The original question is
\[y' = \frac{1}{y^2lnx}\]\[y^2 dy = \frac{dx}{lnx}\]I supposed integrating both sides can give me the answer :/

- anonymous

Perhaps I'm in the wrong direction?!

- amistre64

it looks like any solution will have to run into a logramathic integral

- anonymous

What technique(s) is(are) required to solve this equation?

- amistre64

ones that i havent run into yet :/

- amistre64

you can try to develop a series poly for it, and see what that would bring you

- anonymous

:O I haven't learnt expanding the function!

- amistre64

what methods have you learnt?

- anonymous

separable, integrating factors, exact question, undetermined coefficients, variation of parameters, homogeneous equation...
Btw, I just ran around and grabbed the exercise, I think it's not in my textbook :/
http://ocw.mit.edu/courses/mathematics/18-03-differential-equations-spring-2010/readings/notes_exe/MIT18_03S10_1ex.pdf
1A-3a

- anonymous

*exact equation lol

- amistre64

y^2 y' = 0 when y'=0 or y^2=0; given y1=0 and y2=C
not sure of a wronskian would be useful here or not

- anonymous

Actually, how does Wronskian work. I just know it can determine the linear dependency.. Then, nothing :/

- amistre64

the wronskian is the short version of the undetermined coeffs

- amistre64

Wx W Wy
f1 0 f2
f'1 g f'2
then its similar to the cross product
W = f1f'2 - f'1f2
Wx = -g f2
Wy = f1 g
and you integrate Wx/W and Wy/W

- amistre64

yeah, i dont see it being useful here tho

- anonymous

It...somehow... reminds me of Cramer's :/

- amistre64

it is, since the cramer is what you do at the end of the undetermined coeffs

- anonymous

Ahhhh.... Thanks for teaching something new though!!!

- anonymous

*teaching me something

- amistre64

yep, but as far as a solution to this goes; i got no idea.
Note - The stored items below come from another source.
(* Let $\alpha>1$. There is a streaming algorithm which, given a weighted word $u$ as a data stream, constructs an $\alpha$-suffix decomposition of $u$ (and, with $t$ letter samplings per suffix, an $(\alpha,t)$-suffix sampling on $u$) of size at most $1+2\lceil\log|u|/\log\alpha\rceil$.
   Context: A weighted word has positive integer weights $|u(i)|$ on its positions, $|u|$ is the total weight. An $\alpha$-suffix decomposition of $u$ of size $s$ is a sequence of suffixes $u^1,\dots,u^s$ with $u^1=u$, $u^s$ the last letter of $u$, each $u^{l+1}$ a strict suffix of $u^l$, and whenever $|u^l|>\alpha|u^{l+1}|$ one has $u^l=a\cdot u^{l+1}$ for a single letter $a$. The letter sampling on $x$ outputs position $i$ with probability $|x(i)|/|x|$; an $(\alpha,t)$-suffix sampling is an $\alpha$-suffix decomposition with $t$ independent letter samplings on each of its suffixes. *)

theory Defs
  imports "HOL-Probability.Probability_Mass_Function"
begin

text \<open>A weighted word over alphabet 'a is a list of (letter, weight) pairs; positions are
0-indexed. Weights are required to be positive wherever a weighted word is meant.\<close>

definition weight :: "('a \<times> nat) list \<Rightarrow> nat" where
  "weight u = sum_list (map snd u)"

definition suffix_weight :: "('a \<times> nat) list \<Rightarrow> nat \<Rightarrow> nat" where
  "suffix_weight u p = weight (drop p u)"

text \<open>An alpha-suffix decomposition, given by the list of starting positions of the
suffixes u^1, ..., u^s (u^l = drop (ps!l) u).\<close>
definition alpha_suffix_decomp :: "real \<Rightarrow> ('a \<times> nat) list \<Rightarrow> nat list \<Rightarrow> bool" where
  "alpha_suffix_decomp \<alpha> u ps \<longleftrightarrow>
     ps \<noteq> [] \<and> hd ps = 0 \<and> last ps = length u - 1 \<and> sorted_wrt (<) ps \<and>
     (\<forall>l. Suc l < length ps \<longrightarrow>
        real (suffix_weight u (ps ! l)) > \<alpha> * real (suffix_weight u (ps ! Suc l)) \<longrightarrow>
        ps ! Suc l = ps ! l + 1)"

text \<open>Letter sampling on the suffix starting at p: position i (i >= p) with probability
weight(u(i)) / |suffix|.\<close>
definition letter_sampling :: "('a \<times> nat) list \<Rightarrow> nat \<Rightarrow> nat pmf" where
  "letter_sampling u p = pmf_of_multiset (\<Sum>i\<in>{p..<length u}. replicate_mset (snd (u ! i)) i)"

fun list_pmf :: "'b pmf list \<Rightarrow> 'b list pmf" where
  "list_pmf [] = return_pmf []"
| "list_pmf (p # ps) = bind_pmf p (\<lambda>x. bind_pmf (list_pmf ps) (\<lambda>xs. return_pmf (x # xs)))"

definition suffix_samples :: "nat \<Rightarrow> ('a \<times> nat) list \<Rightarrow> nat list \<Rightarrow> nat list list pmf" where
  "suffix_samples t u ps = list_pmf (map (\<lambda>p. list_pmf (replicate t (letter_sampling u p))) ps)"

definition stream_run :: "'s \<Rightarrow> ('s \<Rightarrow> 'b \<Rightarrow> 's pmf) \<Rightarrow> 'b list \<Rightarrow> 's pmf" where
  "stream_run init step xs = fold (\<lambda>x M. bind_pmf M (\<lambda>s. step s x)) xs (return_pmf init)"

end

theory Submission
  imports Defs
begin

text \<open>The algorithm stores the starting positions of the current suffixes, their weights
  and t samples for each. When a letter of weight w arrives, every stored weight grows by w,
  every sample is replaced by the new position with probability w / (W + w) (reservoir
  sampling, so it stays an exact letter sampling of the longer suffix), and the one-letter
  suffix is appended. The positions are then thinned greedily: from a kept suffix we jump to
  the farthest later suffix of weight at least 1/\<alpha> times its weight, or to the next position
  if there is none. This keeps the \<alpha>-decomposition property, and afterwards suffixes two
  steps apart differ in weight by a factor larger than \<alpha>, so at most 1 + 2\<lceil>log_\<alpha> |u|\<rceil>
  suffixes survive. Thinning only looks at weights, hence the samples of the surviving
  suffixes are still independent letter samplings.\<close>

section \<open>Greedy thinning of a weighted list\<close>

definition select_mask :: "bool list \<Rightarrow> 'b list \<Rightarrow> 'b list" where
  "select_mask m xs = map fst (filter snd (zip xs m))"
lemma unlift_skolem_assign_add_arbiters:
  "unlift_assign (lift_assign \<sigma> ++ skolem_assign (add_arbiters \<Phi> A) F' (lift_assign \<sigma>))
     = \<sigma> ++ skolem_assign \<Phi> (skolem_drop_arbiters F') \<sigma>"
proof
  fix v
  have "lift_assign \<sigma> |` dep (add_arbiters \<Phi> A) (Orig v) = lift_assign (\<sigma> |` dep \<Phi> v)"
    by (simp add: add_arbiters_def lift_assign_restrict)
  then show "unlift_assign (lift_assign \<sigma> ++ skolem_assign (add_arbiters \<Phi> A) F' (lift_assign \<sigma>)) v
      = (\<sigma> ++ skolem_assign \<Phi> (skolem_drop_arbiters F') \<sigma>) v"
    by (auto simp: unlift_assign_def map_add_def skolem_assign_def add_arbiters_def
        skolem_drop_arbiters_def lift_assign_def)
qed

lemma skolem_assign_add_arbiters_Arb:
  assumes "(e, s) \<in> A"
  shows "(lift_assign \<sigma> ++ skolem_assign (add_arbiters \<Phi> A) F' (lift_assign \<sigma>)) (Arb e s)
           = Some (F' (Arb e s) Map.empty)"
  using assms by (force simp: map_add_def skolem_assign_def add_arbiters_def)

lemma is_model_add_arbiters_iff:
  "is_model (add_arbiters \<Phi> A) F' \<longleftrightarrow>
     is_model \<Phi> (skolem_drop_arbiters F') \<and>
     (\<forall>\<sigma>\<in>assignments (univ \<Phi>).
        sat_cnf (lift_assign \<sigma> ++ skolem_assign (add_arbiters \<Phi> A) F' (lift_assign \<sigma>))
          (arbiter_clauses A))"
  by (auto simp: is_model_def assignments_Orig_image sat_cnf_Un sat_cnf_lift_iff
      unlift_skolem_assign_add_arbiters)
lemma nc_dist_matrix_commuting_classes:
  fixes cls :: "'g \<Rightarrow> nat"
  assumes commute_iff: "\<And>x y. x \<in> nc_vertices G \<Longrightarrow> y \<in> nc_vertices G \<Longrightarrow>
      x \<otimes>\<^bsub>G\<^esub> y = y \<otimes>\<^bsub>G\<^esub> x \<longleftrightarrow> cls x = cls y"
    and other_class: "\<And>x. x \<in> nc_vertices G \<Longrightarrow> \<exists>z \<in> nc_vertices G. cls z \<noteq> cls x"
    and f: "bij_betw f {..<N} (nc_vertices G)"
  shows "nc_dist_matrix G N f = multipartite_dist_mat N (cls \<circ> f)"
proof (rule eq_matI)
  fix i j assume "i < dim_row (multipartite_dist_mat N (cls \<circ> f))" "j < dim_col (multipartite_dist_mat N (cls \<circ> f))"
  then have i: "i < N" and j: "j < N"
    by (auto simp: multipartite_dist_mat_def)
  have "f i \<in> nc_vertices G" "f j \<in> nc_vertices G" "f i = f j \<longleftrightarrow> i = j"
    using f i j by (auto simp: bij_betw_def inj_on_eq_iff)
  then show "nc_dist_matrix G N f $$ (i, j) = multipartite_dist_mat N (cls \<circ> f) $$ (i, j)"
    using i j nc_dist_commuting_classes[OF commute_iff other_class]
    by (simp add: nc_dist_matrix_def multipartite_dist_mat_def)
qed (simp_all add: nc_dist_matrix_def multipartite_dist_mat_def)

lemma card_Collect_bij_betw:
  assumes "bij_betw f {..<N} V"
  shows "card {i. i < N \<and> P (f i)} = card {x \<in> V. P x}"
proof -
  have "f ` {i. i < N \<and> P (f i)} = {x \<in> V. P x}"
    using assms by (auto simp: bij_betw_def)
  moreover have "inj_on f {i. i < N \<and> P (f i)}"
    using assms by (auto simp: bij_betw_def intro: inj_on_subset)
  ultimately show ?thesis
    using card_image by fastforce
qed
The wolf says we need a logartithmic integral which leads me to believe that this might be workable with a power series solution; but i dont think i can think thru it this late

- anonymous

Never mind, perhaps i should ask my teacher after the lesson today.
I have to go for lesson now. Once again, thanks for your help!!

- anonymous

Sorry for the very late reply. I asked my teacher some days ago and he said I wouldn't know how to do it. Even for some graduate student, they didn't know that too. And he didn't teach me how to do the integration....
Thanks for your time helping me out!!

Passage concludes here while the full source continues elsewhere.